Acute toxicity: via dermal route

Endpoint conclusion
Endpoint conclusion:
no study available

Additional information

In an acute oral toxicity study, performed according to OECD guideline 401, groups of 6 fasted Sprague-Dawley CD rats per sex per dose were treated once with the test substance at 0, 25, 50, 200, 500 and 2000 mg/kg dissolved in olive oil by oral gavage followed by a 14 -day observation period. All animals survived. In the 25, 50, 200 and 500 mg/kg groups, no abnormalities were observed. Signs of systemic toxicity noted during the study in the 2000 mg/kg bw dose group included body drooping, sedation, staggering, lacrimation, collapse, decrease in spontaneous locomotion, and slowing of breathing. Animals were without symptoms within 3 days. All animals showed expected gains in bodyweight over the study period, and no abnormalities were noted at necropsy. In conclusion, the acute oral LD50 of the test substance in Sprague-Dawley rat was estimated to be greater than 2000 mg/kg bodyweight.

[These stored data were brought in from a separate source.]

lemma Fnu_subset_image:
  assumes "lam \<noteq> 0"
  shows "Fnu K \<epsilon> (\<alpha> * lam / \<Delta>)
           (complex_of_real (lam / \<Delta>) * \<beta>,
            complex_of_real (lam / \<Delta>) * \<delta> * complex_of_real (sqrt (real \<epsilon>)))
         \<subseteq> (\<lambda>v. Fmap \<epsilon> (v, companion \<alpha> \<beta> \<gamma> \<delta> v)) ` representations lam"
    (is "Fnu K \<epsilon> ?\<nu> ?t \<subseteq> ?G ` _")
proof
  fix q assume "q \<in> Fnu K \<epsilon> ?\<nu> ?t"
  then obtain u w where q: "q = (u, w)" and "u \<in> Lset K \<epsilon>"
    and t: "?t = qmult u w" and norm: "qnorm2 u = ?\<nu>"
    unfolding Fnu_def by blast
  then obtain r s where u: "u = (r, s * complex_of_real (sqrt (real \<epsilon>)))" and "r \<in> K" "s \<in> K"
    unfolding Lset_def by blast
  \<comment> \<open>solves \<open>(\<alpha> x + \<beta> y) / cnj \<delta> = r\<close>, \<open>cnj y = s\<close>, i.e. the first quaternion of the image is \<open>u\<close>\<close>
  define v where "v = ((cnj \<delta> * r - \<beta> * cnj s) / complex_of_real \<alpha>, cnj s)"
  have vK: "v \<in> K \<times> K"
    unfolding v_def using \<open>r \<in> K\<close> \<open>s \<in> K\<close> entries_mem
    by (auto intro!: divide_mem diff_mem mult_mem cnj_mem)
  have fst_G: "fst (?G v) = u"
    unfolding v_def u Fmap_companion_Pair using alpha_nonzero delta_nonzero by simp
  have "complex_of_real ?\<nu> = complex_of_real \<alpha> * Qform \<alpha> \<beta> \<gamma> v / complex_of_real \<Delta>"
    using qnorm2_fst_Fmap_companion[OF delta_nonzero detM_eq_norm, of v]
    unfolding fst_G norm delta_norm .
  then have "Qform \<alpha> \<beta> \<gamma> v = complex_of_real lam"
    using alpha_nonzero Delta_nonzero by (simp add: field_simps)
  then have v: "v \<in> representations lam"
    using vK by (simp add: representations_def)
  then have "?t = qmult u (snd (?G v))"
    using Fmap_companion_mem_Fnu[OF v] fst_G unfolding Fnu_def by (auto simp: case_prod_beta)
  moreover have "qnorm2 u \<noteq> 0"
    using norm alpha_nonzero Delta_nonzero assms by simp
  ultimately have "w = snd (?G v)"
    using t qmult_left_cancel by metis
  then have "q = ?G v"
    using q fst_G by (simp add: prod_eq_iff)
  then show "q \<in> ?G ` representations lam"
    using v by blast
qed

end
theorem lemma5:
  fixes N T j :: nat and U :: "qstate \<Rightarrow> qstate"
  assumes "N \<ge> 2" and "T \<ge> 1" and "unitary_op U" and "j < T"
  shows "cmod (Wsum N U j - Wsum N U (Suc j)) \<le> 2 * pi * fact N"
proof -
  \<comment> \<open>The bound holds for all N and j.\<close>
  note U = \<open>unitary_op U\<close>
  define \<psi> where "\<psi> \<sigma> = psi N U \<sigma> j" for \<sigma>
  have step: "((\<lambda>x. of_real (1 - order_sign N \<sigma> x * order_sign N \<tau> x) * (cnj (\<psi> \<sigma> x) * \<psi> \<tau> x))
      has_sum (ipl2 (psi N U \<sigma> j) (psi N U \<tau> j) - ipl2 (psi N U \<sigma> (Suc j)) (psi N U \<tau> (Suc j)))) UNIV"
    for \<sigma> \<tau>
    unfolding ipl2_psi_Suc[OF U] \<psi>_def by (intro has_sum_ipl2_diff_phase_op psi_in_ell2[OF U])
  have "Wsum N U j - Wsum N U (Suc j) = (\<Sum>\<sigma>\<in>perms N. \<Sum>\<tau>\<in>perms N. of_real (omega N \<sigma> \<tau>) *
      (ipl2 (psi N U \<sigma> j) (psi N U \<tau> j) - ipl2 (psi N U \<sigma> (Suc j)) (psi N U \<tau> (Suc j))))"
    by (simp add: Wsum_def sum_subtractf right_diff_distrib)
  then have "((\<lambda>x. \<Sum>\<sigma>\<in>perms N. \<Sum>\<tau>\<in>perms N. of_real (omega N \<sigma> \<tau>) *
            (of_real (1 - order_sign N \<sigma> x * order_sign N \<tau> x) * (cnj (\<psi> \<sigma> x) * \<psi> \<tau> x)))
      has_sum (Wsum N U j - Wsum N U (Suc j))) UNIV"
    by (simp only:) (intro has_sum_sum finite_perms has_sum_cmult_right step)
  moreover have "((\<lambda>x. 2 * pi * (\<Sum>\<sigma>\<in>perms N. (cmod (\<psi> \<sigma> x))\<^sup>2)) has_sum (2 * pi * fact N)) UNIV"
    using has_sum_cmult_right[OF has_sum_sum[OF finite_perms has_sum_norm_psi[OF U]]]
    by (simp add: \<psi>_def card_perms)
  ultimately show ?thesis
    by (rule norm_infsum_le) (rule norm_sum_omega_phase_le)
qed
text \<open>The hypothesis relating p and p' only concerns thresholds in [0, 1), since every level
  lies there.\<close>
lemma hist_le_hist:
  assumes mono: "monotone_rule ga" "monotone_rule ha"
    and levels: "\<And>i H. 0 \<le> ga i H" "\<And>i H. ga i H \<le> ha i H" "\<And>i H. ha i H < 1"
    and smaller: "\<And>i c. 0 \<le> c \<Longrightarrow> c < 1 \<Longrightarrow> p i \<le> c \<Longrightarrow> p' i \<le> c"
  shows "hist_le (hist ga ha E p s) (hist ga ha E p' s)"
proof (induction s)
  case 0
  then show ?case by (simp add: hist_le_def)
next
  case (Suc s)
  let ?H = "hist ga ha E p s" and ?H' = "hist ga ha E p' s"
  have "p' i \<le> f i (take k ?H')" if "p i \<le> f i (take k ?H)" "f = ga \<or> f = ha" for f i k
  proof -
    have "0 \<le> f i (take k ?H)" "f i (take k ?H) < 1"
      using levels(1-3)[of i "take k ?H"] \<open>f = ga \<or> f = ha\<close> by auto
    then have "p' i \<le> f i (take k ?H)" using smaller that(1) by blast
    also have "\<dots> \<le> f i (take k ?H')"
      using mono \<open>f = ga \<or> f = ha\<close> Suc.IH by (auto intro: monotone_ruleD hist_le_take)
    finally show ?thesis .
  qed
  then have "hist_le [({i \<in> {1..Suc s}. E i = Suc s \<and> p i \<le> ga i (take (i - 1) ?H)},
                        {i \<in> {1..Suc s}. E i = Suc s \<and> p i \<le> ha i (take (i - 1) ?H)})]
                      [({i \<in> {1..Suc s}. E i = Suc s \<and> p' i \<le> ga i (take (i - 1) ?H')},
                        {i \<in> {1..Suc s}. E i = Suc s \<and> p' i \<le> ha i (take (i - 1) ?H')})]"
    unfolding hist_le_def by auto
  with Suc.IH show ?case
    unfolding hist_le_def by (simp add: Let_def list_all2_appendI)
qed

definition rej_counts :: "nat \<Rightarrow> history \<Rightarrow> nat list" where
  "rej_counts m H = map (\<lambda>s. card (fst (H ! (s - 1)))) [1..<m + 1]"

lemma length_rej_counts [simp]: "length (rej_counts m H) = m"
  by (simp add: rej_counts_def)

lemma rej_counts_hist:
  assumes "m \<le> n"
  shows "rej_counts m (hist ga ha E p n) = map (\<lambda>s. card (rej_set ga ha E p s)) [1..<m + 1]"
  unfolding rej_counts_def rej_set_def
proof (intro map_cong refl arg_cong[where f = card])
  fix s assume "s \<in> set [1..<m + 1]"
  then have "1 \<le> s" "s \<le> n" using assms by auto
  then show "fst (hist ga ha E p n ! (s - 1)) = fst (hist ga ha E p s ! (s - 1))"
    by (metis take_hist diff_less less_le_trans nth_take zero_less_one)
qed

lemma rej_counts_mono:
  assumes le: "hist_le H H'" and H': "H' \<in> histories n" and "m \<le> n"
  shows "list_all2 (\<le>) (rej_counts m H) (rej_counts m H')"
  unfolding list_all2_conv_all_nth
proof (intro conjI allI impI)
  fix i assume "i < length (rej_counts m H)"
  then have i: "i < m" "i < length H'" using H' \<open>m \<le> n\<close> by (auto simp: histories_def)
  have "fst (H ! i) \<subseteq> fst (H' ! i)"
    using list_all2_nthD2[OF le[unfolded hist_le_def] i(2)] by (auto split: prod.splits)
  moreover have "fst (H' ! i) \<subseteq> {1..n}"
    using nth_mem[OF i(2)] H' unfolding histories_def by (force simp: mem_Times_iff)
  then have "finite (fst (H' ! i))" by (rule finite_subset) simp
  ultimately have "card (fst (H ! i)) \<le> card (fst (H' ! i))" by (rule card_mono[rotated])
  then show "rej_counts m H ! i \<le> rej_counts m H' ! i"
    using i(1) by (simp add: rej_counts_def del: upt_Suc)
qed simp

section \<open>Finite-valued random variables\<close>

lemma measurable_count_space_finite_range:
  assumes "finite K" "\<And>\<omega>. \<omega> \<in> space N \<Longrightarrow> f \<omega> \<in> K"
    and "\<And>d. d \<in> K \<Longrightarrow> {\<omega> \<in> space N. f \<omega> = d} \<in> sets N"
  shows "f \<in> N \<rightarrow>\<^sub>M count_space UNIV"
proof (rule measurableI)
  fix S
  have "f -` S \<inter> space N = (\<Union>d \<in> S \<inter> K. {\<omega> \<in> space N. f \<omega> = d})"
    using assms(2) by auto
  then show "f -` S \<inter> space N \<in> sets N"
    using assms(1,3) by auto
qed simp

lemma sets_Collect_finite_set_eq:
  assumes "finite I" "\<And>i. i \<in> I \<Longrightarrow> {\<omega> \<in> space N. Q i \<omega>} \<in> sets N"
  shows "{\<omega> \<in> space N. {i \<in> I. Q i \<omega>} = S} \<in> sets N"
proof -
  have "{\<omega> \<in> space N. \<forall>i\<in>I. Q i \<omega> \<longleftrightarrow> i \<in> S} \<in> sets N"
    using assms by (intro sets.sets_Collect_finite_All) (auto simp: sets.sets_Collect_neg)
  moreover have "{\<omega> \<in> space N. {i \<in> I. Q i \<omega>} = S} =
      (if S \<subseteq> I then {\<omega> \<in> space N. \<forall>i\<in>I. Q i \<omega> \<longleftrightarrow> i \<in> S} else {})"
    by auto
  ultimately show ?thesis by simp
qed
(* Let $k\ge 1$ be an integer, $w>0$ a real number, and $\alpha=1/(k+1)$. The solution $u(z)$ of the differential equation \[ u''(z) - 2u'(z) + \left(1 - w k z^{k-1}\right)u(z) = 0,\qquad u(0)=-1,\ u'(0)=0, \] is \[ u(z) = z e^z \sum_{m\ge 0} \left(\frac{wk}{(k+1)^2}\right)^m \frac{z^{(k+1)m}}{m!\,(m+\alpha)_m} \;-\; e^z \sum_{m\ge 0} \left(\frac{wk}{(k+1)^2}\right)^m \frac{z^{(k+1)m}}{m!\,(m-\alpha)_m}, \] where $(x)_m = x(x-1)\cdots(x-m+1)$ denotes the falling factorial (with $(x)_0=1$).
   Context: In the paper $w=w(t)=\ell(t)/k!$ for a plane binary tree $t$ with $k$ nodes and $\ell(t)$ increasing labelings; the function $u$ arises from the Riccati substitution $S_t=-u'/u$ for the generating function $S_t$ of plane increasing binary trees avoiding fringe subtree shape $t$. *)

theory Defs
  imports "HOL-Analysis.Analysis"
begin

definition falling_fact :: "real \<Rightarrow> nat \<Rightarrow> real" where
  "falling_fact x m = (\<Prod>i<m. x - real i)"

definition u_sol :: "nat \<Rightarrow> real \<Rightarrow> real \<Rightarrow> real" where
  "u_sol k w z =
     (let \<alpha> = 1 / real (k + 1); c = w * real k / real (k + 1) ^ 2 in
      z * exp z * (\<Sum>m. c ^ m * z ^ ((k + 1) * m) / (fact m * falling_fact (real m + \<alpha>) m))
      - exp z * (\<Sum>m. c ^ m * z ^ ((k + 1) * m) / (fact m * falling_fact (real m - \<alpha>) m)))"

end

theory Submission
  imports Defs
begin

text \<open>
  Writing u = exp z * v turns the equation into v'' = w k z^(k-1) v. With n = k + 1, both
  F(z^n) and z F(z^n) solve this equation whenever F satisfies t F'' + b F' = c F with
  c = w k / n^2 and b = 1 - 1/n resp. b = 1 + 1/n: for exactly these two values of b the
  first-order terms cancel. The entire solution of t F'' + b F' = c F is the hypergeometric
  series 0F1(;b;c t), and since the falling factorial (m + s)_m is the rising factorial of 1 + s,
  the two series in the statement are these solutions. Uniqueness for the initial value problem
  follows from Gronwall's inequality for the energy y^2 + y'^2 of the difference of two solutions.
\<close>

definition linear_ode2_solution ::
    "(real \<Rightarrow> real) \<Rightarrow> (real \<Rightarrow> real) \<Rightarrow> (real \<Rightarrow> real) \<Rightarrow> (real \<Rightarrow> real) \<Rightarrow> bool" where
  "linear_ode2_solution a b y y' \<longleftrightarrow>
     (\<forall>z. (y has_real_derivative y' z) (at z)) \<and>
     (\<exists>y''. (\<forall>z. (y' has_real_derivative y'' z) (at z)) \<and>
            (\<forall>z. y'' z + a z * y' z + b z * y z = 0))"

lemma linear_ode2_solution_diff:
  assumes "linear_ode2_solution a b y y'" "linear_ode2_solution a b v v'"
  shows "linear_ode2_solution a b (\<lambda>z. y z - v z) (\<lambda>z. y' z - v' z)"
proof -
  obtain y'' v'' where
    dy: "\<And>z. (y has_real_derivative y' z) (at z)" "\<And>z. (y' has_real_derivative y'' z) (at z)"
    and dv: "\<And>z. (v has_real_derivative v' z) (at z)" "\<And>z. (v' has_real_derivative v'' z) (at z)"
    and eq: "\<And>z. y'' z + a z * y' z + b z * y z = 0" "\<And>z. v'' z + a z * v' z + b z * v z = 0"
    using assms unfolding linear_ode2_solution_def by blast
  have "y'' z - v'' z + a z * (y' z - v' z) + b z * (y z - v z) = 0" for z
    using eq[of z] by (simp add: algebra_simps)
  then show ?thesis
    unfolding linear_ode2_solution_def
    by (intro conjI allI exI[of _ "\<lambda>z. y'' z - v'' z"] DERIV_diff dy dv)
qed

lemma energy_deriv_bound:
  fixes p q a b :: real
  shows "\<bar>2 * p * q - 2 * a * q\<^sup>2 - 2 * b * p * q\<bar> \<le> (1 + 2 * \<bar>a\<bar> + \<bar>b\<bar>) * (p\<^sup>2 + q\<^sup>2)"
proof -
  have pq: "\<bar>2 * p * q\<bar> \<le> p\<^sup>2 + q\<^sup>2"
    using sum_squares_bound[of "\<bar>p\<bar>" "\<bar>q\<bar>"] by (simp add: abs_mult)
  have "\<bar>2 * p * q - 2 * a * q\<^sup>2 - 2 * b * p * q\<bar>
        \<le> \<bar>2 * p * q\<bar> + \<bar>2 * a * q\<^sup>2\<bar> + \<bar>2 * b * p * q\<bar>"
    by linarith
  also have "\<dots> = \<bar>2 * p * q\<bar> + \<bar>a\<bar> * (2 * q\<^sup>2) + \<bar>b\<bar> * \<bar>2 * p * q\<bar>"
    by (simp add: abs_mult)
  also have "\<dots> \<le> (p\<^sup>2 + q\<^sup>2) + \<bar>a\<bar> * (2 * (p\<^sup>2 + q\<^sup>2)) + \<bar>b\<bar> * (p\<^sup>2 + q\<^sup>2)"
    by (intro add_mono mult_left_mono pq) auto
  finally show ?thesis by (simp add: algebra_simps)
qed

lemma deriv_le_mult_imp_nonpos:
  fixes E E' :: "real \<Rightarrow> real"
  assumes "0 \<le> x" "E 0 = 0"
    and "\<And>t. 0 \<le> t \<Longrightarrow> t \<le> x \<Longrightarrow> (E has_real_derivative E' t) (at t) \<and> E' t \<le> L * E t"
  shows "E x \<le> 0"
proof -
  define g where "g t = E t * exp (- L * t)" for t
  have "g x \<le> g 0"
  proof (rule DERIV_nonpos_imp_nonincreasing[OF \<open>0 \<le> x\<close>])
    fix t assume "0 \<le> t" "t \<le> x"
    with assms(3) have dE: "(E has_real_derivative E' t) (at t)" and le: "E' t \<le> L * E t"
      by auto
    have "(g has_real_derivative (E' t - L * E t) * exp (- L * t)) (at t)"
      unfolding g_def by (rule derivative_eq_intros refl dE)+ (simp add: algebra_simps)
    moreover have "(E' t - L * E t) * exp (- L * t) \<le> 0"
      using le by (simp add: mult_nonpos_nonneg)
    ultimately show "\<exists>y. (g has_real_derivative y) (at t) \<and> y \<le> 0" by blast
  qed
  then show ?thesis
    using \<open>E 0 = 0\<close> by (simp add: g_def mult_le_0_iff)
qed

lemma gronwall_zero:
  fixes E E' :: "real \<Rightarrow> real"
  assumes dE: "\<And>t. (E has_real_derivative E' t) (at t)" and "E 0 = 0"
    and bound: "\<And>t. \<bar>t\<bar> \<le> \<bar>x\<bar> \<Longrightarrow> \<bar>E' t\<bar> \<le> L * E t"
  shows "E x \<le> 0"
proof (cases "0 \<le> x")
  case True
  show ?thesis
  proof (rule deriv_le_mult_imp_nonpos[where E = E and E' = E' and L = L, OF True \<open>E 0 = 0\<close>])
    fix t assume "0 \<le> t" "t \<le> x"
    then show "(E has_real_derivative E' t) (at t) \<and> E' t \<le> L * E t"
      using dE bound[of t] by auto
  qed
next
  case False
  have "(\<lambda>t. E (- t)) (- x) \<le> 0"
  proof (rule deriv_le_mult_imp_nonpos[where E = "\<lambda>t. E (- t)" and E' = "\<lambda>t. - E' (- t)" and L = L])
    fix t assume "0 \<le> t" "t \<le> - x"
    then show "((\<lambda>t. E (- t)) has_real_derivative - E' (- t)) (at t) \<and> - E' (- t) \<le> L * E (- t)"
      using bound[of "- t"] DERIV_mirror[THEN iffD1, OF dE] by auto
  qed (use False \<open>E 0 = 0\<close> in auto)
  then show ?thesis by simp
qed
lemma catalan_Suc: "catalan (Suc n) = (\<Sum>j\<le>n. catalan j * catalan (n - j))"
proof -
  have "int (catalan (Suc n)) = int (\<Sum>j\<le>n. catalan j * catalan (n - j))"
    by (simp flip: segner_eq_catalan)
  thus ?thesis
    by (simp only: of_nat_eq_iff)
qed

section \<open>The pattern 231\<close>

definition contains_231 :: "'a::linorder list \<Rightarrow> bool" where
  "contains_231 p \<longleftrightarrow> (\<exists>i j l. i < j \<and> j < l \<and> l < length p \<and> p ! l < p ! i \<and> p ! i < p ! j)"

lemma contains_iff_contains_231: "contains p [2, 3, 1] \<longleftrightarrow> contains_231 p"
proof
  assume "contains p [2, 3, 1]"
  then obtain "is" where "length is = 3" and sorted: "sorted_wrt (<) is"
    and bound: "\<forall>j<3. is ! j < length p"
    and order: "\<forall>j<3. \<forall>l<3. p ! (is ! j) < p ! (is ! l) \<longleftrightarrow> [2, 3, 1::nat] ! j < [2, 3, 1] ! l"
    unfolding contains_def by (auto simp: numeral_3_eq_3)
  then obtain i j l where "is = [i, j, l]"
    by (auto simp: numeral_3_eq_3 length_Suc_conv)
  with sorted bound[rule_format, of 2] order[rule_format, of 0 1] order[rule_format, of 2 0] show "contains_231 p"
    unfolding contains_231_def by (intro exI[of _ i] exI[of _ j] exI[of _ l]) auto
next
  assume "contains_231 p"
  then obtain i j l where "i < j" "j < l" "l < length p" "p ! l < p ! i" "p ! i < p ! j"
    unfolding contains_231_def by blast
  then show "contains p [2, 3, 1]"
    unfolding contains_def by (intro exI[of _ "[i, j, l]"]) (auto simp: less_Suc_eq numeral_3_eq_3)
qed

lemma contains_231I:
  assumes "b < c" "a < b"
  shows "contains_231 (xs @ b # ys @ c # zs @ a # ws)"
  unfolding contains_231_def
  by (rule exI[of _ "length xs"], rule exI[of _ "length xs + Suc (length ys)"],
      rule exI[of _ "length xs + Suc (length ys) + Suc (length zs)"]) (simp add: assms nth_append)

lemma contains_231_append_left: "contains_231 xs \<Longrightarrow> contains_231 (xs @ ys)"
  unfolding contains_231_def
proof (elim exE conjE)
  fix i j l assume "i < j" "j < l" "l < length xs" "xs ! l < xs ! i" "xs ! i < xs ! j"
  then show "\<exists>i j l. i < j \<and> j < l \<and> l < length (xs @ ys) \<and> (xs @ ys) ! l < (xs @ ys) ! i
      \<and> (xs @ ys) ! i < (xs @ ys) ! j"
    by (intro exI[of _ i] exI[of _ j] exI[of _ l]) (simp add: nth_append)
qed

lemma contains_231_append_right: "contains_231 ys \<Longrightarrow> contains_231 (xs @ ys)"
  unfolding contains_231_def
proof (elim exE conjE)
  fix i j l assume "i < j" "j < l" "l < length ys" "ys ! l < ys ! i" "ys ! i < ys ! j"
  then show "\<exists>i j l. i < j \<and> j < l \<and> l < length (xs @ ys) \<and> (xs @ ys) ! l < (xs @ ys) ! i
      \<and> (xs @ ys) ! i < (xs @ ys) ! j"
    by (intro exI[of _ "length xs + i"] exI[of _ "length xs + j"] exI[of _ "length xs + l"])
      (simp add: nth_append)
qed

lemma contains_231_append_iff:
  assumes "\<forall>u\<in>set xs. \<forall>v\<in>set ys. u < v"
  shows "contains_231 (xs @ ys) \<longleftrightarrow> contains_231 xs \<or> contains_231 ys"
proof
  assume "contains_231 (xs @ ys)"
  then obtain i j l where ijl: "i < j" "j < l" "l < length xs + length ys"
    and less: "(xs @ ys) ! l < (xs @ ys) ! i" "(xs @ ys) ! i < (xs @ ys) ! j"
    unfolding contains_231_def by auto
  consider "l < length xs" | "length xs \<le> i" | "i < length xs" "length xs \<le> l"
    by linarith
  then show "contains_231 xs \<or> contains_231 ys"
  proof cases
    case 1
    with ijl less show ?thesis
      unfolding contains_231_def by (intro disjI1 exI[of _ i] exI[of _ j] exI[of _ l]) (simp add: nth_append)
  next
    case 2
    with ijl less show ?thesis
      unfolding contains_231_def
      by (intro disjI2 exI[of _ "i - length xs"] exI[of _ "j - length xs"] exI[of _ "l - length xs"])
        (auto simp: nth_append)
  next
    case 3
    then have "(xs @ ys) ! i \<in> set xs" "(xs @ ys) ! l \<in> set ys"
      using ijl by (simp_all add: nth_append)
    with assms less show ?thesis
      by force
  qed
next
  assume "contains_231 xs \<or> contains_231 ys"
  then show "contains_231 (xs @ ys)"
    using contains_231_append_left contains_231_append_right by blast
qed

lemma contains_231_Cons_greater_iff:
  assumes "\<forall>v\<in>set ys. v < g"
  shows "contains_231 (g # ys) \<longleftrightarrow> contains_231 ys"
proof
  assume "contains_231 (g # ys)"
  then obtain i j l where ijl: "i < j" "j < l" "l < Suc (length ys)"
    and less: "(g # ys) ! l < (g # ys) ! i" "(g # ys) ! i < (g # ys) ! j"
    unfolding contains_231_def by auto
  obtain j' l' where jl: "j = Suc j'" "l = Suc l'"
    using ijl by (cases j; cases l) auto
  show "contains_231 ys"
  proof (cases i)
    case 0
    have "ys ! j' \<in> set ys"
      using ijl jl by simp
    with assms less 0 jl show ?thesis
      by force
  next
    case (Suc i')
    with ijl less jl show ?thesis
      unfolding contains_231_def by (intro exI[of _ i'] exI[of _ j'] exI[of _ l']) simp
  qed
next
  assume "contains_231 ys"
  then show "contains_231 (g # ys)"
    using contains_231_append_right[of ys "[g]"] by simp
qed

Justification for selection of acute toxicity – oral endpoint
Only study available, OECD guideline study, available as unpublished report, no restrictions, fully adequate for assessment.

Justification for classification or non-classification

Based on the findings of the oral acute toxicity study, classification for acute oral toxicity is not warranted according to Directive 67/548/EEC and according toEU Classification, Labelling and Packaging of Substances and Mixtures (CLP) Regulation (EC) No. 1272/2008.